HOW TO COMPLETE THIS TASK: Every entry should be given again exactly, with nothing dropped.

==== GIVEN RECORDS ====

(* Let $(X,x)$ be a pointed diffeological space and let $A$ be a $D$-open subset of $X$ containing $x$, equipped with the sub-diffeology of $X$. Then the inclusion $A\hookrightarrow X$ induces an isomorphism $\hat{T}_x(A)\cong\hat{T}_x(X)$.
   Context: A diffeological space is a set $X$ together with, for every open subset $U$ of every $\mathbb{R}^n$, a set of functions $U\to X$ called plots, such that constant maps are plots, the composite of a plot with a smooth map between open subsets of Euclidean spaces is a plot, and a function which is locally a plot is a plot; smooth maps send plots to plots. A subset of $X$ is $D$-open if its preimage under every plot is open; the sub-diffeology on a subset consists of maps whose composite with the inclusion is a plot. For a diffeological space $B$, $C^\infty(B,\mathbb{R})$ carries the functional diffeology (a map $U\to C^\infty(B,\mathbb{R})$ is a plot iff its adjoint $U\times B\to\mathbb{R}$ is smooth). $G_x(X)=\operatorname{colim}_B C^\infty(B,\mathbb{R})$ (colimit in diffeological spaces over $D$-open $B\ni x$ with sub-diffeology, along restrictions) is the diffeological algebra of germs at $x$. The external tangent space $\hat{T}_x(X)$ is the vector space of smooth linear maps $F:G_x(X)\to\mathbb{R}$ with $F([f][g])=F([f])g(x)+f(x)F([g])$. A smooth pointed map $h:(X,x)\to(Y,y)$ induces $h_*:\hat T_x(X)\to\hat T_y(Y)$, $h_*(F)([g])=F([g\circ h])$. *)

theory Defs
  imports "HOL-Analysis.Analysis"
begin

text \<open>Euclidean space R^n is represented as the set of real sequences vanishing from
  index n on, with the (product) topology of nat => real, which restricts to the usual
  topology on this set.\<close>

definition Eucl :: "nat \<Rightarrow> (nat \<Rightarrow> real) set" where
  "Eucl n = {v. \<forall>i\<ge>n. v i = 0}"

definition open_dom :: "nat \<Rightarrow> (nat \<Rightarrow> real) set \<Rightarrow> bool" where
  "open_dom n U \<longleftrightarrow> U \<subseteq> Eucl n \<and> openin (top_of_set (Eucl n)) U"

====

REPLY TO THE TASK:
(* Let $(X,x)$ be a pointed diffeological space and let $A$ be a $D$-open subset of $X$ containing $x$, equipped with the sub-diffeology of $X$. Then the inclusion $A\hookrightarrow X$ induces an isomorphism $\hat{T}_x(A)\cong\hat{T}_x(X)$.
   Context: A diffeological space is a set $X$ together with, for every open subset $U$ of every $\mathbb{R}^n$, a set of functions $U\to X$ called plots, such that constant maps are plots, the composite of a plot with a smooth map between open subsets of Euclidean spaces is a plot, and a function which is locally a plot is a plot; smooth maps send plots to plots. A subset of $X$ is $D$-open if its preimage under every plot is open; the sub-diffeology on a subset consists of maps whose composite with the inclusion is a plot. For a diffeological space $B$, $C^\infty(B,\mathbb{R})$ carries the functional diffeology (a map $U\to C^\infty(B,\mathbb{R})$ is a plot iff its adjoint $U\times B\to\mathbb{R}$ is smooth). $G_x(X)=\operatorname{colim}_B C^\infty(B,\mathbb{R})$ (colimit in diffeological spaces over $D$-open $B\ni x$ with sub-diffeology, along restrictions) is the diffeological algebra of germs at $x$. The external tangent space $\hat{T}_x(X)$ is the vector space of smooth linear maps $F:G_x(X)\to\mathbb{R}$ with $F([f][g])=F([f])g(x)+f(x)F([g])$. A smooth pointed map $h:(X,x)\to(Y,y)$ induces $h_*:\hat T_x(X)\to\hat T_y(Y)$, $h_*(F)([g])=F([g\circ h])$. *)

theory Defs
  imports "HOL-Analysis.Analysis"
begin

text \<open>Euclidean space R^n is represented as the set of real sequences vanishing from
  index n on, with the (product) topology of nat => real, which restricts to the usual
  topology on this set.\<close>

definition Eucl :: "nat \<Rightarrow> (nat \<Rightarrow> real) set" where
  "Eucl n = {v. \<forall>i\<ge>n. v i = 0}"

definition open_dom :: "nat \<Rightarrow> (nat \<Rightarrow> real) set \<Rightarrow> bool" where
  "open_dom n U \<longleftrightarrow> U \<subseteq> Eucl n \<and> openin (top_of_set (Eucl n)) U"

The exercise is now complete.